From 2006 to 2015, she was priest in charge of Kirkwhelpington, Kirkharle, Kirkheaton and Cambo; a group of rural parishes in Northumberland. During this time she held a number of additional appointments: Diocesan Officer for Rural Affairs in the Diocese of Newcastle (2006–2015), Area Dean of Morpeth (2011-2013), and adviser for women's ministry to the Bishop of Newcastle (2012-2019). She was made an honorary canon of Newcastle Cathedral in 2011. In 2015, she returned to Hexham Abbey having been appointed Rector of Hexham.

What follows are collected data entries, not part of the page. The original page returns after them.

lemma extremal_admissible:
  assumes \<gamma>: "0 \<le> \<gamma>" "\<gamma> < 1" and k: "0 \<le> k" and \<alpha>: "0 \<le> \<alpha>" "\<alpha> < 1"
  shows "admissible \<gamma> k (extremal_fun \<gamma> \<alpha>) (\<lambda>z. of_real k * (extremal_fun \<gamma> \<alpha> z - of_real \<alpha>))
           (extremal_coeff \<gamma> \<alpha>) (\<lambda>n. if n = 0 then 0 else of_real k * extremal_coeff \<gamma> \<alpha> n)"
proof -
  let ?h = "extremal_fun \<gamma> \<alpha>" and ?g = "\<lambda>z. of_real k * (extremal_fun \<gamma> \<alpha> z - of_real \<alpha>)"
  have holh: "?h holomorphic_on Omega \<gamma>"
    unfolding extremal_fun_def[abs_def] using extremal_denominator_nonzero[OF \<gamma> \<alpha>]
    by (intro holomorphic_intros) auto
  hence holg: "?g holomorphic_on Omega \<gamma>" by (intro holomorphic_intros)
  have sums_g: "(\<lambda>n. (if n = 0 then 0 else of_real k * extremal_coeff \<gamma> \<alpha> n) * z^n) sums ?g z"
    if "z \<in> ball 0 1" for z
  proof -
    have "(\<lambda>n. of_real k * (extremal_coeff \<gamma> \<alpha> n * z^n) - (if n = 0 then of_real k * of_real \<alpha> else 0))
        sums (of_real k * extremal_fun \<gamma> \<alpha> z - of_real k * of_real \<alpha>)"
      by (intro sums_diff sums_mult extremal_fun_sums[OF \<gamma> \<alpha> that] sums_single)
    moreover have "(\<lambda>n. of_real k * (extremal_coeff \<gamma> \<alpha> n * z^n) - (if n = 0 then of_real k * of_real \<alpha> else 0))
        = (\<lambda>n. (if n = 0 then 0 else of_real k * extremal_coeff \<gamma> \<alpha> n) * z^n)"
      by (auto simp: extremal_coeff_def)
    ultimately show ?thesis by (simp add: algebra_simps)
  qed
  have "deriv ?g z = of_real k * deriv ?h z" if "z \<in> ball 0 1" for z
  proof -
    have "z \<in> Omega \<gamma>" using ball_subset_Omega[OF \<gamma>] that by blast
    hence "(?h has_field_derivative deriv ?h z) (at z)"
      by (intro holomorphic_derivI[OF holh]) (auto simp: Omega_def)
    thus ?thesis by (auto intro!: DERIV_imp_deriv derivative_eq_intros)
  qed
  thus ?thesis
    unfolding admissible_def
    using holh holg extremal_fun_sums[OF \<gamma> \<alpha>] sums_g norm_extremal_fun_le_1[OF \<gamma> \<alpha>] k
    by (simp add: norm_mult)
qed

lemma not_bohr_ineq_extremal:
  assumes \<gamma>: "0 \<le> \<gamma>" "\<gamma> < 1" and k: "0 \<le> k" and \<alpha>: "0 \<le> \<alpha>" "\<alpha> < 1"
    and r: "0 < r" "r < 1" "1 + \<gamma> < r * (1 + k + \<gamma> + \<alpha>)"
  shows "\<not> bohr_ineq (extremal_coeff \<gamma> \<alpha>) (\<lambda>n. if n = 0 then 0 else of_real k * extremal_coeff \<gamma> \<alpha> n) r"
proof
  define q where "q = (\<gamma> + \<alpha>) / (1 + \<gamma>)"
  define c where "c = (1 - \<alpha>^2) / (1 + \<gamma>)"
  have q: "0 \<le> q" "q < 1" and c: "0 < c"
    using \<gamma> \<alpha> by (auto simp: q_def c_def field_simps abs_square_less_1)
  have qr: "q * r < 1" using q r mult_strict_mono[of q 1 r 1] by simp
  have summand: "(norm (extremal_coeff \<gamma> \<alpha> (Suc n)) + norm (of_real k * extremal_coeff \<gamma> \<alpha> (Suc n))) * r ^ Suc n
      = (1 + k) * c * r * (q * r)^n" for n
    unfolding extremal_coeff_Suc q_def[symmetric] c_def[symmetric] norm_minus_cancel norm_mult norm_of_real
    using q c k r by (simp add: abs_mult power_mult_distrib algebra_simps)
  have "(\<lambda>n. (norm (extremal_coeff \<gamma> \<alpha> (Suc n)) + norm (of_real k * extremal_coeff \<gamma> \<alpha> (Suc n)))
      * r ^ Suc n) sums ((1 + k) * c * r * (1 / (1 - q * r)))"
    unfolding summand using sums_mult[OF geometric_sums[of "q * r"], of "(1 + k) * c * r"] q qr r by simp
  moreover assume "bohr_ineq (extremal_coeff \<gamma> \<alpha>) (\<lambda>n. if n = 0 then 0 else of_real k * extremal_coeff \<gamma> \<alpha> n) r"
  ultimately have bohr_sum: "\<alpha>^2 + (1 + k) * c * r / (1 - q * r) \<le> 1"
    using \<alpha> by (simp add: bohr_ineq_def sums_iff extremal_coeff_def)
  have "(1 + \<gamma>) * (1 - q * r) = 1 + \<gamma> - (\<gamma> + \<alpha>) * r"
    using \<gamma> by (simp add: q_def field_simps)
  hence "(1 + \<gamma>) * (1 - q * r) < (1 + k) * r" using r(3) by (simp add: algebra_simps)
  from mult_strict_right_mono[OF this c]
  have "(1 + \<gamma>) * c * (1 - q * r) < (1 + k) * c * r" by (simp add: mult_ac)
  hence "(1 + \<gamma>) * c < (1 + k) * c * r / (1 - q * r)" using qr by (simp add: pos_less_divide_eq)
  moreover have "(1 + \<gamma>) * c = 1 - \<alpha>^2" using \<gamma> by (simp add: c_def)
  ultimately show False using bohr_sum by linarith
qed

lemma bohr_radius_sharp:
  assumes \<gamma>: "0 \<le> \<gamma>" "\<gamma> < 1" and k: "0 \<le> k" and r: "(1 + \<gamma>) / (2 + k + \<gamma>) < r"
  shows "\<exists>h g a b. admissible \<gamma> k h g a b \<and> \<not> bohr_ineq a b r"
proof -
  define R where "R = (1 + \<gamma>) / (2 + k + \<gamma>)"
  have R: "0 < R" "R < 1" "R < r" using \<gamma> k r by (simp_all add: R_def field_simps)
  define r' where "r' = min r ((R + 1) / 2)"
  have r': "R < r'" "r' < 1" "r' \<le> r" using R by (auto simp: r'_def min_def)
  define L where "L = (1 + \<gamma>) / r' - (1 + k + \<gamma>)"
  have "(1 + \<gamma>) / r' < (1 + \<gamma>) / R"
    using \<gamma> R r' by (intro divide_strict_left_mono) auto
  also have "(1 + \<gamma>) / R = 2 + k + \<gamma>" using \<gamma> k by (simp add: R_def)
  finally have "L < 1" by (simp add: L_def)
  \<comment> \<open>any \<open>\<alpha> \<in> (L, 1)\<close> makes the extremal Bohr sum exceed \<open>1\<close> at \<open>r'\<close>\<close>
  define \<alpha> where "\<alpha> = (max L 0 + 1) / 2"
  have \<alpha>: "0 \<le> \<alpha>" "\<alpha> < 1" "L < \<alpha>" using \<open>L < 1\<close> by (auto simp: \<alpha>_def)
  have "1 + \<gamma> < r' * (1 + k + \<gamma> + \<alpha>)" using \<alpha>(3) R r' by (simp add: L_def field_simps)
  hence "\<not> bohr_ineq (extremal_coeff \<gamma> \<alpha>) (\<lambda>n. if n = 0 then 0 else of_real k * extremal_coeff \<gamma> \<alpha> n) r'"
    using R r' by (intro not_bohr_ineq_extremal[OF \<gamma> k \<alpha>(1,2)]) auto
  hence "\<not> bohr_ineq (extremal_coeff \<gamma> \<alpha>) (\<lambda>n. if n = 0 then 0 else of_real k * extremal_coeff \<gamma> \<alpha> n) r"
    using bohr_ineq_mono R r' by (meson le_less_trans less_imp_le)
  thus ?thesis using extremal_admissible[OF \<gamma> k \<alpha>(1,2)] by blast
qed

theorem corollary4p2:
  fixes \<gamma> k :: real
  assumes "0 \<le> \<gamma>" "\<gamma> < 1" "0 \<le> k" "k < 1"
  shows "(\<forall>h g a b r. admissible \<gamma> k h g a b \<longrightarrow> 0 \<le> r \<longrightarrow> r \<le> (1 + \<gamma>) / (2 + k + \<gamma>)
            \<longrightarrow> bohr_ineq a b r)
       \<and> (\<forall>r. (1 + \<gamma>) / (2 + k + \<gamma>) < r \<longrightarrow>
            (\<exists>h g a b. admissible \<gamma> k h g a b \<and> \<not> bohr_ineq a b r))"
  using bohr_ineq_if_admissible[OF assms(1,2,3)] bohr_radius_sharp[OF assms(1,2,3)] by blast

Since 2005, Winter has been an elected member of the General Synod of the Church of England. She has served on the Rural Group, the Mission and Public Affairs Committee of the Church of England, and the Meissen Committee (Evangelical Church in Germany–Church of England relations).

===Episcopal ministry===
In May 2019, it was announced that Winter would be the next Bishop of Huntingdon, a suffragan bishop in the Diocese of Ely. She was consecrated as a bishop at St Paul's Cathedral on 3 July 2019 by Justin Welby, Archbishop of Canterbury. In the vacancy following Stephen Conway's translation from Ely to Lincoln, Winter is also acting diocesan Bishop of Ely.

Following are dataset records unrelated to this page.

abbreviation MN :: "'a set" where "MN \<equiv> pair_image phi"
abbreviation NM :: "'b set" where "NM \<equiv> pair_image psi"

abbreviation mul where "mul \<equiv> morita_mult lA rB lB rA phi psi"

lemma zero_laws[simp]:
  "lA 0 m = 0" "lA a 0 = 0" "rB 0 b = 0" "rB m 0 = 0" "phi 0 n = 0" "phi m 0 = 0"
  using M_bimodule(1)[of 0 0 m] M_bimodule(2)[of a 0 0] M_bimodule(6)[of 0 0 b]
    M_bimodule(5)[of m 0 0] phi_laws(1)[of 0 0 n] phi_laws(2)[of m 0 0]
  by simp_all

lemma phi_uminus_left: "phi (- m) n = - phi m n"
  using phi_laws(1)[of m "- m" n] by (simp add: eq_neg_iff_add_eq_0 add.commute)

lemma uminus_mem_MN: "x \<in> MN \<Longrightarrow> - x \<in> MN"
proof (induction x rule: pair_image_induct)
  case zero
  then show ?case
    by (simp add: zero_mem_pair_image)
next
  case (add x u v)
  then show ?case
    using add_mem_pair_image_single[of "- x" phi "- u" v] by (simp add: phi_uminus_left)
qed

lemma mult_left_mem_MN: "x \<in> MN \<Longrightarrow> a * x \<in> MN"
  by (induction x rule: pair_image_induct)
    (auto simp: zero_mem_pair_image distrib_left phi_laws(4)[symmetric]
      intro: add_mem_pair_image_single)

lemma mult_right_mem_MN: "x \<in> MN \<Longrightarrow> x * a \<in> MN"
  by (induction x rule: pair_image_induct)
    (auto simp: zero_mem_pair_image distrib_right phi_laws(5)[symmetric]
      intro: add_mem_pair_image_single)

end

context morita
begin

lemma mul_entries[simp]: "mul (a, m, n, b) (a', m', n', b') =
   (a * a' + phi m n', lA a m' + rB m b', lB b n' + rA n a', psi n m' + b * b')"
  by (simp add: morita_mult_def)

lemma mul_assoc: "mul (mul X Y) Z = mul X (mul Y Z)"
  by (cases X; cases Y; cases Z)
    (simp add: M_bimodule N_bimodule phi_laws psi_laws pairing_assoc algebra_simps)

lemma mul_one_left: "mul morita_one X = X"
  by (cases X) (simp add: morita_one_def M_bimodule N_bimodule)

definition mpow :: "'a \<times> 'm \<times> 'n \<times> 'b \<Rightarrow> nat \<Rightarrow> 'a \<times> 'm \<times> 'n \<times> 'b" where
  "mpow X k = (mul X ^^ k) morita_one"

lemma mpow_0[simp]: "mpow X 0 = morita_one"
  and mpow_Suc[simp]: "mpow X (Suc k) = mul X (mpow X k)"
  by (simp_all add: mpow_def)

lemma mpow_add: "mpow X (k + l) = mul (mpow X k) (mpow X l)"
  by (induction k) (simp_all add: mul_one_left mul_assoc)

lemma mpow_mult: "mpow (mpow X k) l = mpow X (k * l)"
  by (induction l) (simp_all add: mpow_add[symmetric])

lemma nil_op_iff_mpow: "nil_op mul morita_zero morita_one X \<longleftrightarrow> (\<exists>k. mpow X k = morita_zero)"
  by (simp add: nil_op_def mpow_def)

lemma mpow_diagonal:
  assumes "mpow (x, m, n, y) k = (a, m', n', b)"
  shows "a - x ^ k \<in> MN \<and> b - y ^ k \<in> NM"
  using assms
proof (induction k arbitrary: a m' n' b)
  case 0
  then show ?case
    by (simp add: morita_one_def zero_mem_pair_image)
next
  case (Suc k)
  obtain a0 m0 n0 b0 where pow: "mpow (x, m, n, y) k = (a0, m0, n0, b0)"
    by (metis prod.exhaust)
  then have "a = x * a0 + phi m n0" "b = psi n m0 + y * b0"
    using Suc.prems by simp_all
  then have "a - x ^ Suc k = x * (a0 - x ^ k) + phi m n0"
    "b - y ^ Suc k = psi n m0 + y * (b0 - y ^ k)"
    by (simp_all add: algebra_simps)
  then show ?case
    using Suc.IH[OF pow] by (simp add: add_mem_pair_image mem_pair_image mult_left_mem_MN
        swap.mult_left_mem_MN)
qed

text \<open>This uses \<open>0 \<noteq> 1\<close>, which the class \<open>ring_1\<close> includes.\<close>
lemma corner_not_unit:
  "\<not> unit_op mul morita_one (a, 0, 0, 0)" "\<not> unit_op mul morita_one (0, 0, 0, b)"
  unfolding unit_op_def morita_one_def by (auto simp: morita_mult_def split: prod.splits)

end

locale nilpotent_morita = morita lA rB lB rA phi psi
  for lA :: "'a::ring_1 \<Rightarrow> 'm::ab_group_add \<Rightarrow> 'm"
    and rB :: "'m \<Rightarrow> 'b::ring_1 \<Rightarrow> 'm"
    and lB :: "'b \<Rightarrow> 'n::ab_group_add \<Rightarrow> 'n"
    and rA :: "'n \<Rightarrow> 'a \<Rightarrow> 'n"
    and phi :: "'m \<Rightarrow> 'n \<Rightarrow> 'a"
    and psi :: "'n \<Rightarrow> 'm \<Rightarrow> 'b" +
  fixes KA KB :: nat
  assumes MN_nilpotent: "length xs = KA \<Longrightarrow> set xs \<subseteq> pair_image phi \<Longrightarrow> prod_list xs = 0"
    and NM_nilpotent: "length ys = KB \<Longrightarrow> set ys \<subseteq> pair_image psi \<Longrightarrow> prod_list ys = 0"

sublocale nilpotent_morita \<subseteq> MN: nilpotent_ideal "pair_image phi" KA
  by unfold_locales (simp_all add: zero_mem_pair_image add_mem_pair_image uminus_mem_MN
      mult_left_mem_MN mult_right_mem_MN MN_nilpotent)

On 14 February 2026, she was elected as Bishop of Edinburgh in the Scottish Episcopal Church. She was translated to the Diocese of Edinburgh and installed as bishop on 30 May.

===Views===
In November 2023, she was one of 44 Church of England bishops who signed an open letter supporting the use of the Prayers of Love and Faith (i.e. blessings for same-sex couples) and called for "Guidance being issued without delay that includes the removal of all restrictions on clergy entering same-sex civil marriages, and on bishops ordaining and licensing such clergy".